Start of Block

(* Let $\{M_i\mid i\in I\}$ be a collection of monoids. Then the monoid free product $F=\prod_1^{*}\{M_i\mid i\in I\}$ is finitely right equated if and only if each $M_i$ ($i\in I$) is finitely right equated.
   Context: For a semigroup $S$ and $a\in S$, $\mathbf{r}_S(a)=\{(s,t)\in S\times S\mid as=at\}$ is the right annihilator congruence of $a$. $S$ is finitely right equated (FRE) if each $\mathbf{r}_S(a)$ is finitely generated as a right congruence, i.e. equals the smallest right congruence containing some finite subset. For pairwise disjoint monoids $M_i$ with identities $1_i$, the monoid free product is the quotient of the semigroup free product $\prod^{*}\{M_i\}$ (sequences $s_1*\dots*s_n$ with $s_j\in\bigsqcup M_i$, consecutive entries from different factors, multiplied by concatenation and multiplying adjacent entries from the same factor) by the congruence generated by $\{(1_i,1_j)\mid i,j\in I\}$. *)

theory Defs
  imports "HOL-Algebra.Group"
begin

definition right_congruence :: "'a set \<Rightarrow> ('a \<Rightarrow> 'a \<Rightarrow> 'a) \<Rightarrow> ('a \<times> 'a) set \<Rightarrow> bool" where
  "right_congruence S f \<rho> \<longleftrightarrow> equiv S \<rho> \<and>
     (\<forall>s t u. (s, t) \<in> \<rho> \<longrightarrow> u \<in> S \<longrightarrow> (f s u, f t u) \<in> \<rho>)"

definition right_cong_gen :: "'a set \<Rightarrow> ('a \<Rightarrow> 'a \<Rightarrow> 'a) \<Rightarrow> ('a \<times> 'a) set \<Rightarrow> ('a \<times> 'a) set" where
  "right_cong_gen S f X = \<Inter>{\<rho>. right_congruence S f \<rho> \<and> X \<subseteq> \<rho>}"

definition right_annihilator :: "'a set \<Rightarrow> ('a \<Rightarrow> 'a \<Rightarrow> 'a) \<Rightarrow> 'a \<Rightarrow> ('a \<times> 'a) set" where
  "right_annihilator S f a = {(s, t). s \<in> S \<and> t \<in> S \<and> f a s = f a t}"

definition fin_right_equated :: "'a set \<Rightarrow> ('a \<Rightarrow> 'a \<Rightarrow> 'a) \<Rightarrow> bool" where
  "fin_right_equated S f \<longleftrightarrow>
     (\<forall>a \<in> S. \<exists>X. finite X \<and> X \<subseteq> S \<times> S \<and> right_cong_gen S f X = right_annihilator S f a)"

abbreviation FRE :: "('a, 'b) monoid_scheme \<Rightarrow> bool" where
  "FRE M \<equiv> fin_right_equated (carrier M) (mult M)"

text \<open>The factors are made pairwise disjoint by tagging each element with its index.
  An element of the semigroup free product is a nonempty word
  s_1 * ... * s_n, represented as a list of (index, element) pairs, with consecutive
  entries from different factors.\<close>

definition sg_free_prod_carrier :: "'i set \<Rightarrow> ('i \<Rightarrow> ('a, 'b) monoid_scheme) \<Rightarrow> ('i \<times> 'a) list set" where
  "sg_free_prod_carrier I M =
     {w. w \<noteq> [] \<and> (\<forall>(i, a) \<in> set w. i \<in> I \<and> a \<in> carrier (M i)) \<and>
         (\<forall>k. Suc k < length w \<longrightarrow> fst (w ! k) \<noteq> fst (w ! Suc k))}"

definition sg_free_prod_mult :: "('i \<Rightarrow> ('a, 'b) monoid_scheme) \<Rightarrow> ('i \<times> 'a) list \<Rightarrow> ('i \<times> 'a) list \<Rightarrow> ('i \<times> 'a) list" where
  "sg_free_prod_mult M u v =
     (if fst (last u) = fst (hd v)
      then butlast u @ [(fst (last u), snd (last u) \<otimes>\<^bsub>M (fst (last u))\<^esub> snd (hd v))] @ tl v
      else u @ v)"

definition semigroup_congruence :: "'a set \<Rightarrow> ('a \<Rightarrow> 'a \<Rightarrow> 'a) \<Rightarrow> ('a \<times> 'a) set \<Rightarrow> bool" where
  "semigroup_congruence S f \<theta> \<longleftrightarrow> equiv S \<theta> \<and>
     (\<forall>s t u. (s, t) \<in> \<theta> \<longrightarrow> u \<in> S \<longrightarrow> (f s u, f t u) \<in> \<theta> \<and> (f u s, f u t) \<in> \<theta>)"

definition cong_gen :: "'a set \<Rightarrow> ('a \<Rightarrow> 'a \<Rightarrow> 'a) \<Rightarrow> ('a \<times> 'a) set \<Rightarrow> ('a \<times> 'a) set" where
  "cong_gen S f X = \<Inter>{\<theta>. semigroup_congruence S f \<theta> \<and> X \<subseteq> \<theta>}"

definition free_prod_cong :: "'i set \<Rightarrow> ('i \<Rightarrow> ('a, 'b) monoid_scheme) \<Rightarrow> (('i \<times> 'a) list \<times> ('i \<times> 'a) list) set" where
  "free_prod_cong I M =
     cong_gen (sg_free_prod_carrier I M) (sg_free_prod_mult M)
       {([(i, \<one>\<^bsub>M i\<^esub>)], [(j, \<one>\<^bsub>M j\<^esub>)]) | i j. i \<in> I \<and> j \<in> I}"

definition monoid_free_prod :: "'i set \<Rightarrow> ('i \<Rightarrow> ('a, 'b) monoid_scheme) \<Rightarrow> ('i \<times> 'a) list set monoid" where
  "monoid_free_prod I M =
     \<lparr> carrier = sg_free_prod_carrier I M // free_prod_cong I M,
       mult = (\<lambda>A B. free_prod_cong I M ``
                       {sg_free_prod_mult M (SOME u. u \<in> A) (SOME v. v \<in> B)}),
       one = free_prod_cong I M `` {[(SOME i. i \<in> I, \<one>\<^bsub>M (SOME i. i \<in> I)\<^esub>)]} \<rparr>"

End of Block

**BRIEF:**
Please return the entire listing, unchanged.

**TASK ANSWER:**
(* Let $\{M_i\mid i\in I\}$ be a collection of monoids. Then the monoid free product $F=\prod_1^{*}\{M_i\mid i\in I\}$ is finitely right equated if and only if each $M_i$ ($i\in I$) is finitely right equated.
   Context: For a semigroup $S$ and $a\in S$, $\mathbf{r}_S(a)=\{(s,t)\in S\times S\mid as=at\}$ is the right annihilator congruence of $a$. $S$ is finitely right equated (FRE) if each $\mathbf{r}_S(a)$ is finitely generated as a right congruence, i.e. equals the smallest right congruence containing some finite subset. For pairwise disjoint monoids $M_i$ with identities $1_i$, the monoid free product is the quotient of the semigroup free product $\prod^{*}\{M_i\}$ (sequences $s_1*\dots*s_n$ with $s_j\in\bigsqcup M_i$, consecutive entries from different factors, multiplied by concatenation and multiplying adjacent entries from the same factor) by the congruence generated by $\{(1_i,1_j)\mid i,j\in I\}$. *)

theory Defs
  imports "HOL-Algebra.Group"
begin

definition right_congruence :: "'a set \<Rightarrow> ('a \<Rightarrow> 'a \<Rightarrow> 'a) \<Rightarrow> ('a \<times> 'a) set \<Rightarrow> bool" where
  "right_congruence S f \<rho> \<longleftrightarrow> equiv S \<rho> \<and>
     (\<forall>s t u. (s, t) \<in> \<rho> \<longrightarrow> u \<in> S \<longrightarrow> (f s u, f t u) \<in> \<rho>)"

definition right_cong_gen :: "'a set \<Rightarrow> ('a \<Rightarrow> 'a \<Rightarrow> 'a) \<Rightarrow> ('a \<times> 'a) set \<Rightarrow> ('a \<times> 'a) set" where
  "right_cong_gen S f X = \<Inter>{\<rho>. right_congruence S f \<rho> \<and> X \<subseteq> \<rho>}"

definition right_annihilator :: "'a set \<Rightarrow> ('a \<Rightarrow> 'a \<Rightarrow> 'a) \<Rightarrow> 'a \<Rightarrow> ('a \<times> 'a) set" where
  "right_annihilator S f a = {(s, t). s \<in> S \<and> t \<in> S \<and> f a s = f a t}"

definition fin_right_equated :: "'a set \<Rightarrow> ('a \<Rightarrow> 'a \<Rightarrow> 'a) \<Rightarrow> bool" where
  "fin_right_equated S f \<longleftrightarrow>
     (\<forall>a \<in> S. \<exists>X. finite X \<and> X \<subseteq> S \<times> S \<and> right_cong_gen S f X = right_annihilator S f a)"

abbreviation FRE :: "('a, 'b) monoid_scheme \<Rightarrow> bool" where
  "FRE M \<equiv> fin_right_equated (carrier M) (mult M)"

text \<open>The factors are made pairwise disjoint by tagging each element with its index.
  An element of the semigroup free product is a nonempty word
  s_1 * ... * s_n, represented as a list of (index, element) pairs, with consecutive
  entries from different factors.\<close>

definition sg_free_prod_carrier :: "'i set \<Rightarrow> ('i \<Rightarrow> ('a, 'b) monoid_scheme) \<Rightarrow> ('i \<times> 'a) list set" where
  "sg_free_prod_carrier I M =
     {w. w \<noteq> [] \<and> (\<forall>(i, a) \<in> set w. i \<in> I \<and> a \<in> carrier (M i)) \<and>
         (\<forall>k. Suc k < length w \<longrightarrow> fst (w ! k) \<noteq> fst (w ! Suc k))}"

definition sg_free_prod_mult :: "('i \<Rightarrow> ('a, 'b) monoid_scheme) \<Rightarrow> ('i \<times> 'a) list \<Rightarrow> ('i \<times> 'a) list \<Rightarrow> ('i \<times> 'a) list" where
  "sg_free_prod_mult M u v =
     (if fst (last u) = fst (hd v)
      then butlast u @ [(fst (last u), snd (last u) \<otimes>\<^bsub>M (fst (last u))\<^esub> snd (hd v))] @ tl v
      else u @ v)"

definition semigroup_congruence :: "'a set \<Rightarrow> ('a \<Rightarrow> 'a \<Rightarrow> 'a) \<Rightarrow> ('a \<times> 'a) set \<Rightarrow> bool" where
  "semigroup_congruence S f \<theta> \<longleftrightarrow> equiv S \<theta> \<and>
     (\<forall>s t u. (s, t) \<in> \<theta> \<longrightarrow> u \<in> S \<longrightarrow> (f s u, f t u) \<in> \<theta> \<and> (f u s, f u t) \<in> \<theta>)"

definition cong_gen :: "'a set \<Rightarrow> ('a \<Rightarrow> 'a \<Rightarrow> 'a) \<Rightarrow> ('a \<times> 'a) set \<Rightarrow> ('a \<times> 'a) set" where
  "cong_gen S f X = \<Inter>{\<theta>. semigroup_congruence S f \<theta> \<and> X \<subseteq> \<theta>}"

definition free_prod_cong :: "'i set \<Rightarrow> ('i \<Rightarrow> ('a, 'b) monoid_scheme) \<Rightarrow> (('i \<times> 'a) list \<times> ('i \<times> 'a) list) set" where
  "free_prod_cong I M =
     cong_gen (sg_free_prod_carrier I M) (sg_free_prod_mult M)
       {([(i, \<one>\<^bsub>M i\<^esub>)], [(j, \<one>\<^bsub>M j\<^esub>)]) | i j. i \<in> I \<and> j \<in> I}"

definition monoid_free_prod :: "'i set \<Rightarrow> ('i \<Rightarrow> ('a, 'b) monoid_scheme) \<Rightarrow> ('i \<times> 'a) list set monoid" where
  "monoid_free_prod I M =
     \<lparr> carrier = sg_free_prod_carrier I M // free_prod_cong I M,
       mult = (\<lambda>A B. free_prod_cong I M ``
                       {sg_free_prod_mult M (SOME u. u \<in> A) (SOME v. v \<in> B)}),
       one = free_prod_cong I M `` {[(SOME i. i \<in> I, \<one>\<^bsub>M (SOME i. i \<in> I)\<^esub>)]} \<rparr>"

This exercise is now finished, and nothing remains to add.